The technology for end-to-end BYOx management is still early, and it will take time for things to mature. You will always have to fight against targeted attacks and users’ exposure of their own data, though that is a challenge on enterprise-owned systems as well. So, perhaps by saying we’ve raised the bar to “almost as good as a corporate-owned system,” we’ve indeed come a long way.

Targeted attacks, phishing, and social engineering continue to pose a threat. As such, it’s important to apply a defense-in-depth strategy that also includes monitoring and education.

Containerization has yet to scale in BYOD

 

Subbu Iyer, Vice President of Product Management at Bluebox Security, Inc.

Subuu Iyer

Subuu Iyer

Containers have helped to secure email, calendar and contacts on mobile devices, but the same approach has not scaled well to workflows involving third-party apps normally desired to enhance productivity.

Comprehensive BYOx security of the app, OS and network layers should involve protecting the app data at rest as well as in transit. To avoid such a solution being limited to email, calendar and contacts alone, it would also need to allow any app to be dynamically containerized upon user request to keep up with the increasing demand to include new apps in productivity workflows. Each containerized app would also need to become self-defending to detect integrity failures of the device or its own app logic. Additionally, the app would need to defend its data in the event that a device is vulnerable to unpatched security vulnerabilities, has hostile malware present or is in an un-trustable state.

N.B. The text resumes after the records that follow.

text \<open>
  Lower bound: the n incidences at a vertex, together with an incidence pointing back to it
  from a neighbour, are pairwise adjacent, so n + 1 colours are needed. If n + 1 colours
  suffice, every vertex u misses exactly one colour on its own incidences and every incidence
  (v, vu) must carry that colour. Hence the vertices missing colour 0 form a perfect code of
  Q_n, whose closed neighbourhoods partition the 2^n vertices, and n + 1 divides 2^n.

  Upper bound: write n + 1 = 2^p + m with m < 2^p and label every vertex by the XOR of the
  labels of its set coordinates, for two labellings of the directions by numbers below 2^p.
  The incidence (v, vu) gets either a low colour, the weight label of u, or a high colour
  2^p + s, where s \<le> m is a slot computed from the other label of u; the label of v and the
  direction decide which. Both kinds of colour depend only on u, while the low colours of the
  incidences at u are shifted by distinct nonzero weights and their high colours use pairwise
  distinct slots different from the slot of u. For m = 0 every incidence is low and this is
  the Hamming code colouring with n + 1 colours; otherwise n + 2 colours are used.
\<close>

unbundle bit_operations_syntax

section \<open>Bits of natural numbers\<close>

lemma bit_imp_exp_le:
  assumes "bit (x::nat) j"
  shows "2 ^ j \<le> x"
proof (rule ccontr)
  assume "\<not> 2 ^ j \<le> x"
  then have "x div 2 ^ j = 0" by simp
  with assms show False by (simp add: bit_iff_odd)
qed

lemma finite_bits_nat: "finite {j. bit (x::nat) j}"
  by (rule finite_subset[of _ "{..<x}"])
    (auto dest!: bit_imp_exp_le intro: less_le_trans[OF less_exp])

lemma exists_bit_if_nonzero: "(x::nat) \<noteq> 0 \<Longrightarrow> \<exists>j. bit x j"
  using bit_eqI[of x 0] by auto

lemma xor_less_exp: "(a::nat) < 2 ^ p \<Longrightarrow> b < 2 ^ p \<Longrightarrow> a XOR b < 2 ^ p"
  by (metis take_bit_nat_eq_self_iff take_bit_xor)

lemma xor_cancel_left: "a XOR (a XOR b) = (b::nat)"
  by (simp flip: xor.assoc)

lemma xor_left_cancel_iff: "a XOR x = a XOR y \<longleftrightarrow> x = (y::nat)"
  by (metis xor_cancel_left)

lemma less_imp_top_differing_bit:
  "(e::nat) < m \<Longrightarrow> \<exists>d. bit m d \<and> \<not> bit e d \<and> (\<forall>j>d. bit m j = bit e j)"
proof (induction m arbitrary: e rule: less_induct)
  case (less m)
  show ?case
  proof (cases "e div 2 = m div 2")
    case True
    then have "even e" "odd m" using less.prems by presburger+
    then show ?thesis using True
      by (intro exI[of _ 0]) (auto simp add: bit_0 bit_Suc gr0_conv_Suc)
  next
    case False
    then have "e div 2 < m div 2" using less.prems by (simp add: div_le_mono le_neq_implies_less)
    moreover have "m div 2 < m" using less.prems by simp
    ultimately obtain d where d: "bit (m div 2) d" "\<not> bit (e div 2) d"
      "\<forall>j>d. bit (m div 2) j = bit (e div 2) j" using less.IH by blast
    moreover have "bit m j = bit e j" if "Suc d < j" for j
      using d(3) that by (cases j) (auto simp add: bit_Suc)
    ultimately show ?thesis by (intro exI[of _ "Suc d"]) (auto simp add: bit_Suc)
  qed
qed

section \<open>Bit patterns relative to a fixed number\<close>

definition submask :: "nat \<Rightarrow> nat \<Rightarrow> bool" where
  "submask m x \<longleftrightarrow> (\<forall>j. bit x j \<longrightarrow> bit m j)"

definition top_foreign_bit :: "nat \<Rightarrow> nat \<Rightarrow> nat" where
  "top_foreign_bit m x = Max {j. bit x j \<and> \<not> bit m j}"

definition foreign_prefix :: "nat \<Rightarrow> nat \<Rightarrow> nat" where
  "foreign_prefix m x = take_bit (Suc (top_foreign_bit m x)) x"

text \<open>At a vertex labelled z, a low direction x is determined by its foreign prefix, the part
  of x up to its highest bit outside m; the remaining directions are told apart by the slot of
  z XOR x.\<close>

definition lower_direction :: "nat \<Rightarrow> nat \<Rightarrow> nat \<Rightarrow> bool" where
  "lower_direction m z x \<longleftrightarrow> \<not> submask m x \<and>
     (\<forall>j > top_foreign_bit m x. bit x j \<longleftrightarrow> bit z j \<and> bit m j)"

definition top_common_bit :: "nat \<Rightarrow> nat \<Rightarrow> nat" where
  "top_common_bit m u = Max {j. bit u j \<and> bit m j}"

text \<open>The numbers whose highest bit in common with m is k get the slots take_bit k m + 1, ...,
  take_bit (Suc k) m; for different k these ranges are disjoint subsets of {1..m}.\<close>

definition slot :: "nat \<Rightarrow> nat \<Rightarrow> nat" where
  "slot m u = (if \<forall>j. bit u j \<longrightarrow> \<not> bit m j then 0
     else Suc (take_bit (top_common_bit m u) m + take_bit (top_common_bit m u) u))"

An environment would thus need to be created on the device where apps can dynamically be containerized, made self-defending and work together in synergy to ensure that corporate data is secured within these container apps. From a technology perspective, it is certainly possible to do that. Bluebox started off as a company with exactly this goal and delivers comprehensive security at the device, OS, app, and network layers.

While containers have largely focused on protecting corporate data largely for internal employee usage, the technology has to scale now to protect any application that’s used internally or externally. It is not enough to think of containers as a way to protect employee data on a BYOx device. Containers can and should protect any app’s data, at rest and in transit, for any kind of internal or external business needs.

The usage of containers alone does not provide perfect risk management capability. The security posture of the containers is subject to the environment the container executes within, namely the device. The integrity and trust-ability of the device must be taken into account automatically by the container, such that the container is immediately aware of whether it can achieve its security agenda

Rather than being limited to individual silos of applications, the container must encompass all corporate applications on the device, allowing secure data to be shared amongst those apps. This will allow users share documents with their containerized productivity apps and internally developed apps.

Container technologies have to scale toward this end, and avoid becoming individual silos for just email and calendar or a handful of third-party apps.

Cheryl Knight contributed to this article.